Work, personal life, self-confidence.. yeah, all of that was difficult.
So I started having a pity party for myself.
A pity party for one.
Get it over it Kathleen.
My recipe last night to get over the "BS" of my crazy week and to move on from the things that brought me down were.. a long walk with J and the pups, a treadmill walk while watching Real Housewives of Orange County, long prayer before bedtime and a great night of sleep.
It's Friday and this girl is feeling refreshed!
I knew I had to snap out of this funk I have been in because tomorrow I have my Dirty Girl 5k Mud Run and I have been pretty nervous for it. My last 5k I attempted to run several weeks ago was a major fail. Like such a big fail there is no way to find the good in the race (if you can even call it that).. I had mentally prepared for the run and thought I would be able to hold my own with a few stops along the way... I was excited, motivated and ready, but when the race officially started I had a panic attack. Minutes in I stopped, started crying, my breathing was off and I could barely walk the race. This is not normal people!!

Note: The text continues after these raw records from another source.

(* For a base point b and a period n let cell b n j be the closure of the iterates of b at
   times congruent to j modulo n.  Every f l maps cell j into cell j + 1, and by minimality
   the n cells cover X.  If b is regularly recurrent, the residues c with b in cell b n c are
   the multiples of a divisor d of n, and the d cells of period d are pairwise disjoint;
   if b is moreover non-periodic, such cyclic partitions exist with arbitrarily large d.
   Their periods are closed under lcm and divisors, hence exhausted by the partial products
   of one sequence of primes alpha.  The cell indices of x in these nested partitions are the
   mixed-radix digits of pi x in Delta alpha, on which each f l acts as the adding machine.
   If x is regularly recurrent, the zeroth cell around x of a suitable period lies in any
   given ball around x, and pi y = pi x puts y into that cell; hence the fibre is {x}. *)

lemma least_positive_dvd_iff:
  fixes S :: "nat set" and n :: nat
  assumes "n > 0" and mod_closed: "\<And>c. c \<in> S \<longleftrightarrow> c mod n \<in> S"
    and "0 \<in> S" and add_closed: "\<And>a b. a \<in> S \<Longrightarrow> b \<in> S \<Longrightarrow> a + b \<in> S"
  shows "c \<in> S \<longleftrightarrow> (LEAST d. 0 < d \<and> d \<in> S) dvd c"
proof -
  define d where "d = (LEAST d. 0 < d \<and> d \<in> S)"
  have "n \<in> S" using mod_closed[of n] \<open>0 \<in> S\<close> by simp
  then have d: "0 < d" "d \<in> S" unfolding d_def using \<open>n > 0\<close> by (metis (mono_tags, lifting) LeastI)+
  have mult_closed: "m * a \<in> S" if "a \<in> S" for a m
    by (induction m) (use \<open>0 \<in> S\<close> add_closed that in auto)
  have "d dvd c" if "c \<in> S"
  proof -
    define q where "q = c div d"
    \<comment> \<open>adding q (n - 1) d, i.e. subtracting q d modulo n, leaves the remainder c mod d in S\<close>
    have "c + q * (n - 1) * d = c mod d + (q * d) * n"
      using \<open>n > 0\<close> div_mult_mod_eq[of c d] unfolding q_def
      by (cases n) (simp_all add: algebra_simps)
    moreover have "c + q * (n - 1) * d \<in> S" using add_closed[OF that mult_closed[OF d(2), of "q * (n - 1)"]] by simp
    ultimately have "c mod d \<in> S" using mod_closed by (metis mod_mult_self1)
    moreover have "\<not> (0 < c mod d \<and> c mod d \<in> S)"
      using mod_less_divisor[OF d(1), of c] unfolding d_def by (rule not_less_Least)
    ultimately have "c mod d = 0" by simp
    then show ?thesis by auto
  qed
  moreover have "c \<in> S" if "d dvd c" using that mult_closed[OF d(2)] by (auto simp: mult.commute)
  ultimately show ?thesis unfolding d_def by blast
qed

lemma exists_le_add_dvd:
  fixes m i :: nat
  assumes "m > 0"
  shows "\<exists>t\<le>m. m dvd i + t"
proof -
  have "m * (i div m) + i mod m = i" by (rule mult_div_mod_eq)
  moreover have "i mod m < m" using assms by simp
  ultimately have "i + (m - i mod m) = m * Suc (i div m)" unfolding mult_Suc_right by arith
  then show ?thesis by (intro exI[of _ "m - i mod m"]) auto
qed

lemma dvd_chain_mono:
  fixes E :: "nat \<Rightarrow> 'b::comm_monoid_mult"
  assumes "\<And>k. E k dvd E (Suc k)" and "k \<le> j"
  shows "E k dvd E j"
  using assms(2)
proof (induction j rule: dec_induct)
  case (step j)
  then show ?case using assms(1) dvd_trans by blast
qed simp

lemma dvd_chain_prime_step:
  fixes E :: "nat \<Rightarrow> nat"
  assumes chain: "\<And>k. E k dvd E (Suc k)" and "n > 0" "n dvd E k" "n < E k"
  obtains p where "prime p" "\<And>k'. n dvd E k' \<Longrightarrow> n < E k' \<Longrightarrow> n * p dvd E k'"
proof -
  define k0 where "k0 = (LEAST k. n dvd E k \<and> n < E k)"
  have k0: "n dvd E k0" "n < E k0" unfolding k0_def by (rule LeastI2[of _ k], use assms in simp_all)+
  have "E k0 div n \<noteq> 1" using k0 by (metis dvd_mult_div_cancel less_irrefl mult_1_right)
  then obtain p where p: "prime p" "p dvd E k0 div n" using prime_factor_nat by blast
  have "n * p dvd E k'" if "n dvd E k'" "n < E k'" for k'
  proof -
    have "k0 \<le> k'" unfolding k0_def by (rule Least_le) (use that in simp)
    moreover have "n * p dvd E k0" using p(2) k0(1) by (metis dvd_mult_div_cancel mult_dvd_mono dvd_refl)
    ultimately show ?thesis using dvd_chain_mono[of E, OF chain] dvd_trans by blast
  qed
  with p(1) show thesis by (rule that)
qed
theorem lemma2p1:
  fixes E :: "real^'n^'n" and s t :: "real^'n"
    and I :: "'i set" and \<rho> :: "'i \<Rightarrow> ('n mat \<Rightarrow> real)" and c :: "'i \<Rightarrow> real^'n^'n"
  assumes dim: "CARD('n) \<ge> 4"
    and form: "lorentz_form E"
    and ss: "eta E s s = -1" and tt: "eta E t t = 1" and st: "eta E s t = 0"
    and onb: "ktilde_orthonormal_basis E (annihilator E (alg_a E s)) I \<rho>"
    and c_in: "\<forall>\<alpha>\<in>I. c \<alpha> \<in> alg_c E s t"
    and c_prop: "\<forall>\<alpha>\<in>I. \<forall>\<psi>\<in>annihilator E (alg_a E s). \<forall>a\<in>groupA E s.
                   ktilde E \<psi> (adsharp E a (\<rho> \<alpha>)) = \<psi> (ad a (c \<alpha>))"
  shows "\<forall>\<phi>\<in>annihilator E (alg_a E s). \<forall>p\<in>annihilator E (alg_a E s) \<times> groupA E s.
           kt_fun E \<phi> p = (\<Sum>\<alpha>\<in>I. sgn_k E (\<rho> \<alpha>) * kt_fun2 E \<phi> (\<rho> \<alpha>) p * XL_fun (c \<alpha>) p)"
proof (intro ballI)
  let ?A0 = "annihilator E (alg_a E s)"
  fix \<phi> p assume \<phi>: "\<phi> \<in> ?A0" and "p \<in> ?A0 \<times> groupA E s"
  then obtain \<xi> a where p: "p = (\<xi>, a)" and \<xi>: "\<xi> \<in> ?A0" and a: "a \<in> groupA E s" by blast
  have A0: "?A0 \<subseteq> gdual E" unfolding annihilator_def by blast
  have \<rho>: "\<And>\<alpha>. \<alpha> \<in> I \<Longrightarrow> \<rho> \<alpha> \<in> ?A0" using onb unfolding ktilde_orthonormal_basis_def by blast
  define \<xi>' where "\<xi>' = adsharp E (matrix_inv a) \<xi>"
  note \<xi>' = adsharp_matrix_inv_groupA[OF a \<xi>, folded \<xi>'_def]
  have XL_c: "\<xi> (ad a (c \<alpha>)) = ktilde E (\<rho> \<alpha>) \<xi>'" if "\<alpha> \<in> I" for \<alpha>
    using c_prop that \<xi>'(1) mat_1_groupA adsharp_mat_1 \<rho>[OF that] A0 ad_mat_1
      \<xi>'(2) c_in alg_c_subset_so[OF lorentz_form_symmetric[OF form]] ktilde_commute
    by (metis subsetD)
  let ?K = "ad (matrix_inv a) (kinv E \<phi>)"
  have "(\<Sum>\<alpha>\<in>I. sgn_k E (\<rho> \<alpha>) * kt_fun2 E \<phi> (\<rho> \<alpha>) p * XL_fun (c \<alpha>) p)
      = (\<Sum>\<alpha>\<in>I. sgn_k E (\<rho> \<alpha>) * ktilde E (\<rho> \<alpha>) \<xi>' * \<rho> \<alpha> ?K)"
    unfolding p kt_fun2_def XL_fun_def
    using ktilde_adsharp[OF form _ groupA_SO[OF a]] \<phi> \<rho> A0 XL_c
    by (auto intro!: sum.cong simp: subsetD)
  also have "\<dots> = \<xi>' ?K"
    by (rule ktilde_orthonormal_basis_expansion[OF form onb A0 \<xi>'(1), symmetric])
  also have "\<dots> = \<xi> (kinv E \<phi>)"
    using \<xi>'(2) ad_so[OF SO_matrix_inv[OF groupA_SO[OF a]]] kinv_spec[OF form] \<phi> A0
      ad_ad_matrix_inv[OF SO_invertible[OF groupA_SO[OF a]]] by auto
  also have "\<dots> = kt_fun E \<phi> p"
    unfolding p kt_fun_def using ktilde_eq_apply_kinv[OF form] \<phi> \<xi> A0 by (simp add: subsetD)
  finally show "kt_fun E \<phi> p = (\<Sum>\<alpha>\<in>I. sgn_k E (\<rho> \<alpha>) * kt_fun2 E \<phi> (\<rho> \<alpha>) p * XL_fun (c \<alpha>) p)" ..
qed

end
lemma real_induct_upward:
  fixes P :: "real \<Rightarrow> bool"
  assumes start: "P a"
    and step: "\<And>x. a \<le> x \<Longrightarrow> P x \<Longrightarrow> \<exists>y>x. \<forall>z\<in>{x..y}. P z"
    and limit: "\<And>x. a < x \<Longrightarrow> \<forall>y\<in>{a..<x}. P y \<Longrightarrow> P x"
    and "a \<le> x"
  shows "P x"
proof (rule ccontr)
  assume "\<not> P x"
  define S where "S = {y. a \<le> y \<and> (\<forall>z\<in>{a..y}. P z)}"
  have "a \<in> S" using start by (auto simp: S_def)
  have bdd: "bdd_above S"
    using \<open>\<not> P x\<close> \<open>a \<le> x\<close> by (intro bdd_aboveI[of _ x]) (force simp: S_def)
  define s where "s = Sup S"
  have "a \<le> s" unfolding s_def using \<open>a \<in> S\<close> bdd by (rule cSup_upper)
  have below: "\<forall>y\<in>{a..<s}. P y"
  proof
    fix y assume "y \<in> {a..<s}"
    then obtain z where "z \<in> S" "y < z"
      using less_cSup_iff[of S y] \<open>a \<in> S\<close> bdd by (auto simp: s_def)
    then show "P y" using \<open>y \<in> {a..<s}\<close> by (auto simp: S_def)
  qed
  have "P s"
    using start limit[of s] below \<open>a \<le> s\<close> by (cases "a = s") auto
  then obtain y where "y > s" "\<forall>z\<in>{s..y}. P z" using step \<open>a \<le> s\<close> by blast
  then have "y \<in> S" using below \<open>a \<le> s\<close> by (force simp: S_def)
  then show False using \<open>y > s\<close> bdd by (simp add: s_def cSup_upper leD)
qed

lemma openin_superlevel_set:
  fixes f :: "'a::topological_space \<Rightarrow> real"
  assumes "openin (top_of_set K) G" "continuous_on G f"
  shows "openin (top_of_set K) {p \<in> G. c < f p}"
proof -
  have "openin (top_of_set G) (G \<inter> f -` {c<..})"
    using assms(2) by (rule continuous_openin_preimage_gen) simp
  then show ?thesis using assms(1) by (auto elim: openin_trans simp: Int_def)
qed
(* Let $\mathcal I,\mathcal J$ be ideals on $\omega$. Then (1) $\mathfrak b_s(\mathcal I\otimes\mathcal J)=\mathfrak b_s(\mathcal I)$; (2) $\mathfrak b_\sigma(\mathcal I\otimes\mathcal J)=\min\{\mathfrak b_\sigma(\mathcal I),\mathfrak b_\sigma(\mathcal J)\}$; (3) $\mathrm{add}_\omega(\mathcal I\otimes\mathcal J)\le\min\{\mathrm{add}_\omega(\mathcal I),\mathrm{add}_\omega(\mathcal J)\}$.
   Context: An ideal on a countably infinite set $S$ is a family of subsets of $S$ closed under finite unions and subsets, containing all finite sets, not containing $S$. $\mathcal I\otimes\mathcal J=\{A\subseteq\omega\times\omega:\{x\in\omega:\{y:(x,y)\in A\}\notin\mathcal J\}\in\mathcal I\}$, an ideal on $\omega\times\omega$. Convention: $\min\emptyset=\infty$, $\kappa<\infty$ for every cardinal. For an ideal $\mathcal I$ on a countably infinite set $S$: $\widehat{\mathcal P}_{\mathcal I}$ = sequences $(A_n)_{n\in\omega}\in\mathcal I^\omega$ of pairwise disjoint sets; $\mathcal P_{\mathcal I}$ = those with $\bigcup_nA_n=S$; $\mathcal M_{\mathcal I}$ = sequences $(E_k)_{k\in\omega}\in\mathcal I^\omega$ with $E_k\subseteq E_{k+1}$. $\mathfrak b_s(\mathcal I)=\min\{|\mathcal E|:\mathcal E\subseteq\widehat{\mathcal P}_{\mathcal I}$ and for every $(A_n)\in\mathcal P_{\mathcal I}$ there is $(E_n)\in\mathcal E$ with $\bigcup_n(A_{n+1}\cap\bigcup_{i\le n}E_i)\notin\mathcal I\}$; $\mathfrak b_\sigma(\mathcal I)=\min\{|\mathcal E|:\mathcal E\subseteq\mathcal M_{\mathcal I}$ and for every $(A_n)\in\mathcal M_{\mathcal I}$ there is $(E_n)\in\mathcal E$ with $E_n\not\subseteq A_n$ for infinitely many $n\}$; $\mathrm{add}_\omega(\mathcal I)=\min\{|\mathcal A|:\mathcal A\subseteq\mathcal I$ and for every $(B_n)\in\mathcal I^\omega$ there is $A\in\mathcal A$ with $A\not\subseteq B_n$ for all $n\}$. *)

theory Defs
  imports Main
begin

text \<open>An ideal on the countably infinite carrier UNIV (of type 'a; used with
  'a = nat for omega and 'a = nat \<times> nat for omega \<times> omega).\<close>
definition is_ideal :: "'a set set \<Rightarrow> bool" where
  "is_ideal I \<longleftrightarrow>
     (\<forall>A\<in>I. \<forall>B\<in>I. A \<union> B \<in> I) \<and>
     (\<forall>A\<in>I. \<forall>B. B \<subseteq> A \<longrightarrow> B \<in> I) \<and>
     (\<forall>F. finite F \<longrightarrow> F \<in> I) \<and>
     UNIV \<notin> I"
lemma comp_S_on_X:
  assumes u: "u \<in> X i" and i: "i \<in> {1..n}"
  shows "comp n X i (lminus l (Tmat n X D A) u) = lminus l (D i) u"
proof -
  have cu: "comp n X i u = u" using comp_single[OF u i i] by simp
  have "comp n X i (lminus l (Tmat n X D A) u) = l *\<^sub>C comp n X i u - row i u"
    unfolding lminus_def using comp_diff[OF i] comp_scale[OF i] comp_Tmat[OF i] by simp
  also have "row i u = D i u"
  proof -
    have "A i j (comp n X j u) = 0" if j: "j \<in> {i+1..n}" for j
    proof -
      have "comp n X j u = 0" using comp_single[OF u i upper_index_range[OF i j]] j by auto
      then show ?thesis using lin_on_zero[OF bop_lin[OF A_bop[OF i j]] X_subspace[OF upper_index_range[OF i j]]] by simp
    qed
    then show ?thesis unfolding row_def using cu by simp
  qed
  finally show ?thesis using cu unfolding lminus_def by simp
qed

end

section \<open>Nullity, defect and right Weyl operators\<close>

lemma sum_enat_eq_infinity_iff: "finite I \<Longrightarrow> (\<Sum>i\<in>I. f i) = (\<infinity>::enat) \<longleftrightarrow> (\<exists>i\<in>I. f i = \<infinity>)"
  by (induction I rule: finite_induct) (auto simp: plus_eq_infty_iff_enat)

lemma enat_add_right_cancel: "(x::enat) + c = y + c \<longleftrightarrow> c = \<infinity> \<or> x = y"
  by (metis add.commute enat_add_left_cancel)

lemma enat_add_right_cancel_le: "(x::enat) + c \<le> y + c \<longleftrightarrow> c = \<infinity> \<or> x \<le> y"
  by (metis add.commute enat_add_left_cancel_le)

The only bright side was that I finished the "race".. with a time that was way worse then my normal walking pace. Simply pathetic that day was for me.
I need to get myself in the zone for tomorrow and to convince myself that I CAN succeed. I need to BELIEVE in myself and have fun with this 5k. And when I do complete the run I WILL celebrate with a celebratory drink in the beer garden - morning drinking at its finest!
This blog is small, but has turned in to something way more then I thought it would.
The timing of this post is perfect, because this week marks my "one year blogging anniversary" of Somethin' Bout a Truck and I love what this space has turned into for me.
First off, I am shocked that I kept up this blog for one full year.
I have started so many blogs and have quit writing after three posts.
This time it was different. I was writing for me.
And a few people started following along.
These mysterious bloggers turned into friends.
One reason that keeps me coming back for more is the support, motivation, excitement and love that my friends through SBT have given me. This space is a space for me to be me, to feel encouraged and to never feel judged. A place where I can laugh, cry, vent, fail and be picked right back up.
This space exists because of all of you.
Sending Tiffany some hugs and love this week as she prepares to welcome baby Elliott.
Tiffany was my first "reader" on blogger and I believe we started our blogs right around the same time - I am so thankful for her! From her answering my annoying blogging questions to finding out she was expecting and watching her pregnancy progress - I am so glad to have her as a friend.
Can't wait for you and Cody to become a family of three.